- **EXERCISE AIM**: Across the entries below, determine how many lines include the word "obtain". State only the resulting number.
[TASK MATERIAL — start]
(* Let $\mathcal{G}=(\mathcal{V},\mathcal{E})$ be a connected undirected graph with $n$ vertices and $m$ edges, with incidence matrix $B\in\mathbb{R}^{n\times m}$ (for an arbitrary orientation of the edges), and let $\Gamma=\mathrm{diag}(\gamma_1,\dots,\gamma_m)$ with $\gamma_k>0$. Let $\mathcal{V}=\mathcal{V}_1\cup\mathcal{V}_2$ be a partition into disjoint nonempty sets and write $B=\begin{bmatrix}B_1\\ B_2\end{bmatrix}$ accordingly, $B_1\in\mathbb{R}^{|\mathcal{V}_1|\times m}$, $B_2\in\mathbb{R}^{|\mathcal{V}_2|\times m}$. Define $$L_S=B_1\Gamma B_1^T-B_1\Gamma B_2^T(B_2\Gamma B_2^T)^{-1}B_2\Gamma B_1^T,$$ $B_2^+=\Gamma B_2^T(B_2\Gamma B_2^T)^{-1}$ and the projected incidence matrix $B_S=B_1(I-B_2^+B_2)\in\mathbb{R}^{|\mathcal{V}_1|\times m}$. Then: (i) $\operatorname{im}\mathbb{1}=\ker B_S^T$, where $\mathbb{1}$ is the all-ones vector in $\mathbb{R}^{|\mathcal{V}_1|}$; (ii) $B_S\Gamma B_2^T=0$; (iii) $L_S=B_S\Gamma B_1^T$; (iv) $L_S=B_S\Gamma B_S^T$.
   Context: The incidence matrix $B$ has entries $b_{ik}=+1$ if vertex $i$ is the tail of edge $k$, $-1$ if $i$ is the head of edge $k$, and $0$ otherwise. $L_S$ is the Schur complement of the weighted Laplacian $L=B\Gamma B^T$ with respect to the block indexed by $\mathcal{V}_2$; $B_2\Gamma B_2^T$ is invertible since $\mathcal{G}$ is connected. *)

theory Defs
  imports "HOL-Analysis.Analysis"
begin

definition incidence_matrix :: "('e::finite \<Rightarrow> 'v::finite) \<Rightarrow> ('e \<Rightarrow> 'v) \<Rightarrow> real^'e^'v" where
  "incidence_matrix src tgt =
     (\<chi> i k. if i = src k then 1 else if i = tgt k then -1 else 0)"

definition simple_oriented_graph :: "('e \<Rightarrow> 'v) \<Rightarrow> ('e \<Rightarrow> 'v) \<Rightarrow> bool" where
  "simple_oriented_graph src tgt \<longleftrightarrow>
     (\<forall>k. src k \<noteq> tgt k) \<and>
     (\<forall>k l. {src k, tgt k} = {src l, tgt l} \<longrightarrow> k = l)"

definition adjacent :: "('e \<Rightarrow> 'v) \<Rightarrow> ('e \<Rightarrow> 'v) \<Rightarrow> 'v \<Rightarrow> 'v \<Rightarrow> bool" where
  "adjacent src tgt u v \<longleftrightarrow> (\<exists>k. (src k = u \<and> tgt k = v) \<or> (src k = v \<and> tgt k = u))"

definition graph_connected :: "('e \<Rightarrow> 'v) \<Rightarrow> ('e \<Rightarrow> 'v) \<Rightarrow> bool" where
  "graph_connected src tgt \<longleftrightarrow> (\<forall>u v. (adjacent src tgt)\<^sup>*\<^sup>* u v)"

definition diag_mat :: "('e::finite \<Rightarrow> real) \<Rightarrow> real^'e^'e" where
  "diag_mat g = (\<chi> i j. if i = j then g i else 0)"

end

theory Submission
  imports Defs
begin

text \<open>The Gram matrix \<open>B\<^sub>2 \<Gamma> B\<^sub>2\<^sup>T\<close> is invertible because \<open>\<Gamma>\<close> is positive and
  \<open>B\<^sub>2\<^sup>T\<close> is injective: a vector in \<open>ker B\<^sup>T\<close> is constant on the connected graph, so
  one that vanishes on \<open>V\<^sub>1\<close> vanishes everywhere. Hence \<open>B\<^sub>2 B\<^sub>2\<^sup>+ = I\<close>, and
  (ii)--(iv) are pure matrix algebra. For (i), \<open>B\<^sub>S\<^sup>T x = 0\<close> holds exactly when
  \<open>B\<^sub>1\<^sup>T x + B\<^sub>2\<^sup>T z = 0\<close> for some \<open>z\<close>, i.e. when \<open>x\<close> extends to a vector in
  \<open>ker B\<^sup>T\<close>, i.e. to a constant vector.\<close>

lemma matrix_diff_ldistrib: "(A::'k::ring_1^'n^'m) ** (B - C) = A ** B - A ** C"
  by (simp add: matrix_matrix_mult_def vec_eq_iff algebra_simps sum_subtractf)

lemma matrix_diff_rdistrib: "((A::'k::ring_1^'n^'m) - B) ** C = A ** C - B ** C"
  by (simp add: matrix_matrix_mult_def vec_eq_iff algebra_simps sum_subtractf)

lemma transpose_diff: "transpose ((A::'k::ring_1^'n^'m) - B) = transpose A - transpose B"
  by (simp add: transpose_def vec_eq_iff)

lemma matrix_vector_mult_minus: "(A::'k::ring_1^'n^'m) *v (- x) = - (A *v x)"
  by (metis diff_0 matrix_vector_mult_diff_distrib matrix_vector_mult_0_right)

lemma invertible_matrix_inv:
  fixes A :: "'k::field^'n^'n"
  assumes "invertible A"
  shows "A ** matrix_inv A = mat 1" and "matrix_inv A ** A = mat 1"
proof -
  have "A ** matrix_inv A = mat 1 \<and> matrix_inv A ** A = mat 1"
    using assms unfolding invertible_def matrix_inv_def by (rule someI_ex)
  then show "A ** matrix_inv A = mat 1" and "matrix_inv A ** A = mat 1" by simp_all
qed

definition weighted_pseudoinverse :: "'k::field^'e^'e \<Rightarrow> 'k^'e^'b \<Rightarrow> 'k^'b^'e" where
  "weighted_pseudoinverse G A = G ** transpose A ** matrix_inv (A ** G ** transpose A)"

definition projected_matrix :: "'k::field^'e^'e \<Rightarrow> 'k^'e^'b \<Rightarrow> 'k^'e^'a \<Rightarrow> 'k^'e^'a" where
  "projected_matrix G A2 A1 = A1 ** (mat 1 - weighted_pseudoinverse G A2 ** A2)"

lemma weighted_pseudoinverse_right_inverse:
  assumes "invertible (A ** G ** transpose A)"
  shows "A ** weighted_pseudoinverse G A = mat 1"
  using invertible_matrix_inv(1)[OF assms]
  by (simp add: weighted_pseudoinverse_def matrix_mul_assoc)

lemma projected_matrix_annihilates:
  assumes "invertible (A2 ** G ** transpose A2)"
  shows "projected_matrix G A2 A1 ** G ** transpose A2 = 0"
proof -
  have "matrix_inv (A2 ** G ** transpose A2) ** (A2 ** (G ** transpose A2)) = mat 1"
    using invertible_matrix_inv(2)[OF assms] by (simp add: matrix_mul_assoc)
  then have "A1 ** weighted_pseudoinverse G A2 ** A2 ** G ** transpose A2 = A1 ** G ** transpose A2"
    by (simp add: weighted_pseudoinverse_def matrix_mul_assoc[symmetric])
  then show ?thesis
    by (simp add: projected_matrix_def matrix_diff_ldistrib matrix_diff_rdistrib matrix_mul_assoc)
qed

lemma schur_complement_eq_projected:
  "A1 ** G ** transpose A1
     - A1 ** G ** transpose A2 ** matrix_inv (A2 ** G ** transpose A2) ** A2 ** G ** transpose A1
   = projected_matrix G A2 A1 ** G ** transpose A1"
  by (simp add: projected_matrix_def weighted_pseudoinverse_def matrix_diff_ldistrib
      matrix_diff_rdistrib matrix_mul_assoc)

lemma projected_matrix_gram:
  assumes "invertible (A2 ** G ** transpose A2)"
  shows "projected_matrix G A2 A1 ** G ** transpose A1
       = projected_matrix G A2 A1 ** G ** transpose (projected_matrix G A2 A1)"
proof -
  let ?S = "projected_matrix G A2 A1" and ?P = "weighted_pseudoinverse G A2"
  have "?S ** G ** transpose ?S
      = ?S ** G ** transpose A1 - ?S ** G ** transpose A2 ** transpose ?P ** transpose A1"
    by (simp add: projected_matrix_def transpose_diff matrix_transpose_mul matrix_diff_ldistrib
        matrix_diff_rdistrib matrix_mul_assoc)
  also have "\<dots> = ?S ** G ** transpose A1"
    using projected_matrix_annihilates[OF assms, of A1] by simp
  finally show ?thesis ..
qed

lemma projected_matrix_transpose_kernel:
  assumes "invertible (A2 ** G ** transpose A2)"
  shows "transpose (projected_matrix G A2 A1) *v x = 0
     \<longleftrightarrow> (\<exists>z. transpose A1 *v x + transpose A2 *v z = 0)"
proof -
  let ?P = "weighted_pseudoinverse G A2"
  have PA2: "transpose ?P ** transpose A2 = mat 1"
    using arg_cong[OF weighted_pseudoinverse_right_inverse[OF assms], of transpose]
    by (simp add: matrix_transpose_mul)
  have S: "transpose (projected_matrix G A2 A1) *v x
      = transpose A1 *v x - transpose A2 *v (transpose ?P *v (transpose A1 *v x))"
    by (simp add: projected_matrix_def transpose_diff matrix_transpose_mul matrix_diff_rdistrib
        matrix_vector_mult_diff_rdistrib matrix_vector_mul_assoc matrix_mul_assoc
        del: transpose_matrix_vector)
  show ?thesis
  proof
    assume "transpose (projected_matrix G A2 A1) *v x = 0"
    then have "transpose A1 *v x + transpose A2 *v (- (transpose ?P *v (transpose A1 *v x))) = 0"
      by (simp add: S matrix_vector_mult_minus del: transpose_matrix_vector)
    then show "\<exists>z. transpose A1 *v x + transpose A2 *v z = 0" ..
  next
    assume "\<exists>z. transpose A1 *v x + transpose A2 *v z = 0"
    then obtain z where "transpose A1 *v x = - (transpose A2 *v z)"
      by (metis add.commute add_eq_0_iff)
    moreover have "transpose ?P *v (transpose A2 *v z) = z"
      by (simp add: matrix_vector_mul_assoc PA2 del: transpose_matrix_vector)
    ultimately show "transpose (projected_matrix G A2 A1) *v x = 0"
      by (simp add: S matrix_vector_mult_minus del: transpose_matrix_vector)
  qed
qed

lemma incidence_matrix_transpose_mult:
  assumes "src k \<noteq> tgt k"
  shows "(transpose (incidence_matrix src tgt) *v y) $ k = y $ src k - y $ tgt k"
proof -
  have "\<And>v. (if v = src k then 1 else if v = tgt k then -1 else 0) * y $ v
      = (if v = src k then y $ src k else 0) - (if v = tgt k then y $ tgt k else 0)"
    using assms by auto
  then show ?thesis
    unfolding matrix_vector_mult_def transpose_def incidence_matrix_def
    by (simp add: sum_subtractf)
qed

lemma graph_connected_constant:
  assumes "graph_connected src tgt" and "\<forall>k. f (src k) = f (tgt k)"
  shows "f u = f v"
proof -
  have "(adjacent src tgt)\<^sup>*\<^sup>* u v"
    using assms(1) by (simp add: graph_connected_def)
  then show ?thesis
    by (induction rule: rtranclp_induct) (use assms(2) in \<open>auto simp: adjacent_def\<close>)
qed

lemma incidence_matrix_transpose_kernel:
  assumes "\<forall>k. src k \<noteq> tgt k" and "graph_connected src tgt"
  shows "transpose (incidence_matrix src tgt) *v y = 0 \<longleftrightarrow> (\<forall>u v. y $ u = y $ v)"
proof
  assume "transpose (incidence_matrix src tgt) *v y = 0"
  then have "\<forall>k. y $ src k = y $ tgt k"
    using incidence_matrix_transpose_mult assms(1) by (metis eq_iff_diff_eq_0 zero_index)
  then show "\<forall>u v. y $ u = y $ v"
    using graph_connected_constant[OF assms(2)] by blast
next
  assume "\<forall>u v. y $ u = y $ v"
  then show "transpose (incidence_matrix src tgt) *v y = 0"
    using assms(1)
    by (simp add: vec_eq_iff incidence_matrix_transpose_mult del: transpose_matrix_vector)
qed

definition vec_join :: "'k^'a \<Rightarrow> 'k^'b \<Rightarrow> 'k^('a + 'b)" where
  "vec_join x z = (\<chi> v. case_sum (($) x) (($) z) v)"

lemma vec_join_nth [simp]:
  "vec_join x z $ Inl i = x $ i" "vec_join x z $ Inr j = z $ j"
  by (simp_all add: vec_join_def)

lemma transpose_mult_vec_join:
  fixes B :: "'k::comm_semiring_1^'e^('a::finite + 'b::finite)"
  shows "transpose B *v vec_join x z
       = transpose (\<chi> i k. B $ Inl i $ k) *v x + transpose (\<chi> j k. B $ Inr j $ k) *v z"
  unfolding matrix_vector_mult_def transpose_def
  by (simp add: vec_eq_iff UNIV_Plus_UNIV[symmetric] sum.Plus comp_def del: UNIV_Plus_UNIV)

lemma vec_join_constant_iff:
  "(\<exists>z::real^'b. \<forall>u v. vec_join x z $ u = vec_join x z $ v)
     \<longleftrightarrow> x \<in> range (\<lambda>c. c *\<^sub>R (\<chi> i. 1))"
proof
  assume "\<exists>z::real^'b. \<forall>u v. vec_join x z $ u = vec_join x z $ v"
  then obtain z :: "real^'b" where "\<forall>u v. vec_join x z $ u = vec_join x z $ v" ..
  then have "x = (x $ undefined) *\<^sub>R (\<chi> i. 1)"
    by (simp add: vec_eq_iff) (metis vec_join_nth(1))
  then show "x \<in> range (\<lambda>c. c *\<^sub>R (\<chi> i. 1))" by blast
next
  assume "x \<in> range (\<lambda>c. c *\<^sub>R (\<chi> i. 1))"
  then obtain c where "x = c *\<^sub>R (\<chi> i. 1)" by blast
  then have "\<forall>u v. vec_join x (c *\<^sub>R (\<chi> i. 1) :: real^'b) $ u
                = vec_join x (c *\<^sub>R (\<chi> i. 1) :: real^'b) $ v"
    by (auto simp: vec_join_def split: sum.split)
  then show "\<exists>z::real^'b. \<forall>u v. vec_join x z $ u = vec_join x z $ v" ..
qed

lemma invertible_weighted_gram:
  fixes A :: "real^'e^'n"
  assumes pos: "\<forall>k. g k > 0" and inj: "\<And>x. transpose A *v x = 0 \<Longrightarrow> x = 0"
  shows "invertible (A ** diag_mat g ** transpose A)"
proof -
  have "x = 0" if "(A ** diag_mat g ** transpose A) *v x = 0" for x
  proof -
    define u where "u = transpose A *v x"
    have "(\<Sum>k\<in>UNIV. g k * (u $ k)\<^sup>2) = inner u (diag_mat g *v u)"
      by (simp add: diag_mat_def matrix_vector_mult_def inner_vec_def power2_eq_square
          if_distrib if_distribR mult_ac cong: if_cong)
    also have "\<dots> = inner (x v* A) (diag_mat g *v u)"
      by (simp add: u_def)
    also have "\<dots> = inner x ((A ** diag_mat g ** transpose A) *v x)"
      by (simp only: u_def dot_lmul_matrix matrix_vector_mul_assoc matrix_mul_assoc)
    finally have "(\<Sum>k\<in>UNIV. g k * (u $ k)\<^sup>2) = 0"
      using that by simp
    then have "\<forall>k. g k * (u $ k)\<^sup>2 = 0"
      using pos by (simp add: sum_nonneg_eq_0_iff less_imp_le)
    then have "u = 0"
      using pos by (simp add: vec_eq_iff) (metis less_irrefl)
    then show "x = 0" using inj unfolding u_def by blast
  qed
  then show ?thesis
    using matrix_left_invertible_ker invertible_left_inverse by blast
qed

theorem proposition1:
  fixes src tgt :: "'e::finite \<Rightarrow> ('a::finite + 'b::finite)"
    and \<gamma> :: "'e \<Rightarrow> real"
    and B :: "real^'e^('a + 'b)" and B1 :: "real^'e^'a" and B2 :: "real^'e^'b"
    and \<Gamma> :: "real^'e^'e" and LS :: "real^'a^'a"
    and B2p :: "real^'b^'e" and BS :: "real^'e^'a"
  assumes simple: "simple_oriented_graph src tgt"
    and conn: "graph_connected src tgt"
    and pos: "\<forall>k. \<gamma> k > 0"
  defines "B \<equiv> incidence_matrix src tgt"
    and "B1 \<equiv> (\<chi> i k. B $ Inl i $ k)"
    and "B2 \<equiv> (\<chi> i k. B $ Inr i $ k)"
    and "\<Gamma> \<equiv> diag_mat \<gamma>"
    and "LS \<equiv> B1 ** \<Gamma> ** transpose B1
              - B1 ** \<Gamma> ** transpose B2 ** matrix_inv (B2 ** \<Gamma> ** transpose B2) ** B2 ** \<Gamma> ** transpose B1"
    and "B2p \<equiv> \<Gamma> ** transpose B2 ** matrix_inv (B2 ** \<Gamma> ** transpose B2)"
    and "BS \<equiv> B1 ** (mat 1 - B2p ** B2)"
  shows "range (\<lambda>c::real. c *\<^sub>R (\<chi> i. 1 :: real^'a)) = {x. transpose BS *v x = 0}
       \<and> BS ** \<Gamma> ** transpose B2 = 0
       \<and> LS = BS ** \<Gamma> ** transpose B1
       \<and> LS = BS ** \<Gamma> ** transpose BS"
proof -
  have loopfree: "\<forall>k. src k \<noteq> tgt k"
    using simple by (simp add: simple_oriented_graph_def)
  have kernel_B: "transpose B *v vec_join x z = 0 \<longleftrightarrow> (\<forall>u v. vec_join x z $ u = vec_join x z $ v)"
    for x z
    unfolding B_def by (rule incidence_matrix_transpose_kernel[OF loopfree conn])
  have blocks: "transpose B *v vec_join x z = transpose B1 *v x + transpose B2 *v z" for x z
    unfolding B1_def B2_def by (rule transpose_mult_vec_join)
  have "z = 0" if "transpose B2 *v z = 0" for z
  proof -
    have "transpose B *v vec_join (0::real^'a) z = 0"
      using that by (simp add: blocks del: transpose_matrix_vector)
    then have "\<forall>u v. vec_join (0::real^'a) z $ u = vec_join (0::real^'a) z $ v"
      by (rule kernel_B[THEN iffD1])
    then have "z $ j = 0" for j
      by (metis vec_join_nth zero_index)
    then show ?thesis by (simp add: vec_eq_iff)
  qed
  then have inv: "invertible (B2 ** \<Gamma> ** transpose B2)"
    unfolding \<Gamma>_def by (rule invertible_weighted_gram[OF pos])
  have BS_proj: "BS = projected_matrix \<Gamma> B2 B1"
    unfolding BS_def B2p_def projected_matrix_def weighted_pseudoinverse_def ..
  have LS_proj: "LS = BS ** \<Gamma> ** transpose B1"
    unfolding LS_def BS_proj by (rule schur_complement_eq_projected)
  have "transpose BS *v x = 0 \<longleftrightarrow> x \<in> range (\<lambda>c. c *\<^sub>R (\<chi> i. 1))" for x
    unfolding BS_proj projected_matrix_transpose_kernel[OF inv] blocks[symmetric] kernel_B
    by (rule vec_join_constant_iff)
  then show ?thesis
    using LS_proj projected_matrix_annihilates[OF inv] projected_matrix_gram[OF inv]
    unfolding BS_proj by auto
qed

end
[TASK MATERIAL — finish]
- **RESPONSE BELOW**: 3